To that effect, one can sympathise with the clubs and coaches as much as the players, and it is not the individuals who are in the wrong, but the system.
It is what happens, funnily enough, when the golden goose of T20 is left to run around the farmyard unchecked, as many of us warned would happen when the format first appeared in this country in 2003, with so many franchise competitions now it is practically impossible to keep track of them all.
In fact, there is so much T20 and international cricket full-stop that county cricket is barely visible at the bottom of the pecking order, grateful for any scraps as it battles for survival.
The mistreated County Championship, indeed, increasingly puts me in mind of one of those old galley slaves mercilessly flogged as they worked the high seas, rowing relentlessly towards probable death.

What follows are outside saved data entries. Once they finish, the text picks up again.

(* Let $H$, $d$, $(X,\mu)$, $\mathcal{A}$, $(N_s)$, $\delta_r,s_r,\sigma_s$ be as in the context and fix an integer $r\ge3$. Fix $0\le\alpha<\beta$ and an integer $s>s_r+r$. Then for any partition $\mathcal{Q}$ of $[r]$, any $\underline h\in\Delta_{\mathcal{Q}}(\alpha,\beta)$, any $f\in\mathcal{A}$ and any $\mathcal{P}\in\mathfrak{P}_{[r]}$, $$|\widetilde\psi_{f,\underline h}(\mathcal{P})-\widetilde\psi^{\mathcal{Q}}_{f,\underline h}(\mathcal{P})|\le C_{r,s}\,e^{-(\beta\delta_r-r\alpha\sigma_s)}N_s(f)^r,$$ where $C_{r,s}$ depends only on $r$ and $s$.
   Context: $H$ is a locally compact second countable group with left-invariant metric $d$, acting measure-preservingly on a probability space $(X,\mu)$; $h\cdot f=f\circ h^{-1}$. $\mathcal{A}\subset L^\infty(X,\mu)$ is an $H$-invariant subalgebra and $(N_s)_{s\ge1}$ seminorms on it with (constants depending only on $s$): $N_s(f)\ll N_{s+1}(f)$; $\|f\|_{L^\infty}\ll N_s(f)$; $N_s(h\cdot f)\ll e^{\sigma_s d(h,e)}N_s(f)$ for some $\sigma_s>0$; $N_s(f_1f_2)\ll N_{s+1}(f_1)N_{s+1}(f_2)$. Exponential mixing of all orders: for every $k\ge2$ there are $\delta_k>0$ and an integer $s_k>0$ with $\big|\mu(\prod_{i=1}^k h_i\cdot f_i)-\prod_i\mu(f_i)\big|\ll_{k,s}e^{-\delta_k\min_{i\ne j}d(h_i,h_j)}\prod_iN_s(f_i)$ for all $s>s_k$, $f_i\in\mathcal{A}$, $h_i\in H$; $(\sigma_s)$, $(s_k)$ increasing, $(\delta_k)$ decreasing, $\delta_k<k\sigma_s$. Distances: $d^I(\underline h)=\max_{i,j\in I}d(h_i,h_j)$, $d_{I,J}(\underline h)=\min_{i\in I,j\in J}d(h_i,h_j)$, $d^{\mathcal{Q}}=\max_{I\in\mathcal{Q}}d^I$, $d_{\mathcal{Q}}=\min\{d_{I,J}:I\ne J\in\mathcal{Q}\}$, $\Delta_{\mathcal{Q}}(\alpha,\beta)=\{\underline h\in H^r:d^{\mathcal{Q}}(\underline h)\le\alpha,\ d_{\mathcal{Q}}(\underline h)>\beta\}$. $\mathfrak{P}_{[r]}$ is the set of cyclically ordered partitions of $[r]$ (partitions into non-empty blocks with a cyclic order on blocks). For $f\in\mathcal{A}$, $\underline h\in H^r$: $\psi_{f,\underline h}(I)=\mu(\prod_{i\in I}h_i\cdot f)$ for $I\ne\emptyset$, $\psi_{f,\underline h}(\emptyset)=1$; $\psi^{\mathcal{Q}}(I)=\prod_{J\in\mathcal{Q}}\psi(I\cap J)$; $\widetilde\psi(\mathcal{P})=\prod_{I\in\mathcal{P}}\psi(I)$, $\widetilde\psi^{\mathcal{Q}}(\mathcal{P})=\prod_{I\in\mathcal{P}}\psi^{\mathcal{Q}}(I)$. *)

theory Defs
  imports "HOL-Probability.Probability"
begin

text \<open>H is a locally compact second countable (topological) group, written additively
(group_add is not assumed commutative), whose topology is induced by the metric
dist, which is left-invariant. The identity e is 0.\<close>

definition lcsc_left_inv_metric_group :: "'h::{group_add,metric_space} itself \<Rightarrow> bool" where
  "lcsc_left_inv_metric_group _ \<longleftrightarrow>
     locally compact (UNIV :: 'h set) \<and>
     (\<exists>\<B>::'h set set. countable \<B> \<and> topological_basis \<B>) \<and>
     continuous_on UNIV (\<lambda>p::'h \<times> 'h. fst p + snd p) \<and>
     continuous_on UNIV (\<lambda>x::'h. - x) \<and>
     (\<forall>g x y::'h. dist (g + x) (g + y) = dist x y)"

definition mp_action :: "'x measure \<Rightarrow> ('h::group_add \<Rightarrow> 'x \<Rightarrow> 'x) \<Rightarrow> bool" where
  "mp_action M act \<longleftrightarrow>
     (\<forall>g. act g \<in> M \<rightarrow>\<^sub>M M \<and> distr M M (act g) = M) \<and>
     (\<forall>x\<in>space M. act 0 x = x) \<and>
     (\<forall>g g'. \<forall>x\<in>space M. act (g + g') x = act g (act g' x))"

definition hdot :: "('h::group_add \<Rightarrow> 'x \<Rightarrow> 'x) \<Rightarrow> 'h \<Rightarrow> ('x \<Rightarrow> real) \<Rightarrow> 'x \<Rightarrow> real" where
  "hdot act g f = (\<lambda>x. f (act (- g) x))"

definition invariant_subalgebra ::
  "'x measure \<Rightarrow> ('h::group_add \<Rightarrow> 'x \<Rightarrow> 'x) \<Rightarrow> ('x \<Rightarrow> real) set \<Rightarrow> bool" where
  "invariant_subalgebra M act A \<longleftrightarrow>
     (\<forall>f\<in>A. f \<in> borel_measurable M \<and> (\<exists>B. AE x in M. \<bar>f x\<bar> \<le> B)) \<and>
     (\<forall>f\<in>A. \<forall>g\<in>A. (\<lambda>x. f x + g x) \<in> A \<and> (\<lambda>x. f x * g x) \<in> A) \<and>
     (\<forall>f\<in>A. \<forall>c::real. (\<lambda>x. c * f x) \<in> A) \<and>
     (\<forall>f\<in>A. \<forall>h. hdot act h f \<in> A)"

text \<open>Each N_s (s \<ge> 1) is a seminorm on A, with the standing properties; every
\<open>\<ll>\<close> is an inequality up to a constant depending only on s.\<close>
definition seminorm_family ::
  "'x measure \<Rightarrow> ('h::{group_add,metric_space} \<Rightarrow> 'x \<Rightarrow> 'x) \<Rightarrow> ('x \<Rightarrow> real) set
     \<Rightarrow> (nat \<Rightarrow> ('x \<Rightarrow> real) \<Rightarrow> real) \<Rightarrow> (nat \<Rightarrow> real) \<Rightarrow> bool" where
  "seminorm_family M act A N \<sigma> \<longleftrightarrow>
     (\<forall>s\<ge>1. \<forall>f\<in>A. \<forall>g\<in>A. \<forall>c::real.
        N s f \<ge> 0 \<and> N s (\<lambda>x. c * f x) = \<bar>c\<bar> * N s f \<and>
        N s (\<lambda>x. f x + g x) \<le> N s f + N s g) \<and>
     (\<forall>s\<ge>1. \<exists>C. \<forall>f\<in>A. N s f \<le> C * N (s + 1) f) \<and>
     (\<forall>s\<ge>1. \<exists>C. \<forall>f\<in>A. AE x in M. \<bar>f x\<bar> \<le> C * N s f) \<and>
     (\<forall>s\<ge>1. \<sigma> s > 0) \<and>
     (\<forall>s\<ge>1. \<exists>C. \<forall>f\<in>A. \<forall>h. N s (hdot act h f) \<le> C * exp (\<sigma> s * dist h 0) * N s f) \<and>
     (\<forall>s\<ge>1. \<exists>C. \<forall>f1\<in>A. \<forall>f2\<in>A.
        N s (\<lambda>x. f1 x * f2 x) \<le> C * N (s + 1) f1 * N (s + 1) f2)"

definition exp_mixing_all_orders ::
  "'x measure \<Rightarrow> ('h::{group_add,metric_space} \<Rightarrow> 'x \<Rightarrow> 'x) \<Rightarrow> ('x \<Rightarrow> real) set
     \<Rightarrow> (nat \<Rightarrow> ('x \<Rightarrow> real) \<Rightarrow> real) \<Rightarrow> (nat \<Rightarrow> real) \<Rightarrow> (nat \<Rightarrow> nat) \<Rightarrow> bool" where
  "exp_mixing_all_orders M act A N \<delta> sk \<longleftrightarrow>
     (\<forall>k\<ge>2. \<delta> k > 0 \<and> sk k > 0 \<and>
        (\<forall>s>sk k. \<exists>C. \<forall>fs hs.
           (\<forall>i\<in>{1..k}. fs i \<in> A) \<longrightarrow>
           \<bar>integral\<^sup>L M (\<lambda>x. \<Prod>i\<in>{1..k}. hdot act (hs i) (fs i) x)
              - (\<Prod>i\<in>{1..k}. integral\<^sup>L M (fs i))\<bar>
           \<le> C * exp (- \<delta> k * Min {dist (hs i) (hs j) | i j. i \<in> {1..k} \<and> j \<in> {1..k} \<and> i \<noteq> j})
               * (\<Prod>i\<in>{1..k}. N s (fs i))))"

The IPL auction itself is a distasteful parade, with franchises bidding for players as if they were cattle. To me, the auction is the equivalent of white noise; I have no interest whatsoever in its machinations.
Good luck to anyone fortunate enough to make loads of money out of it, but it has little to do with the essence of sport – “the glory”, as Danny Blanchflower once said.
So, what is the solution? Accepting that the horse has long since bolted and that the hands of time cannot be pushed back, Moxon makes a good point when he says that the gap between the money available to players in red and white ball cricket needs to be closed. In other words, he feels that salaries should rise in Test cricket, ensuring that players are more likely to prioritise the breeding ground of the Championship over T20.
No doubt, the debate will rumble on, but for those of us eyeing big journalistic pay days in India, it will, hopefully, be someone else who keeps you abreast of any developments.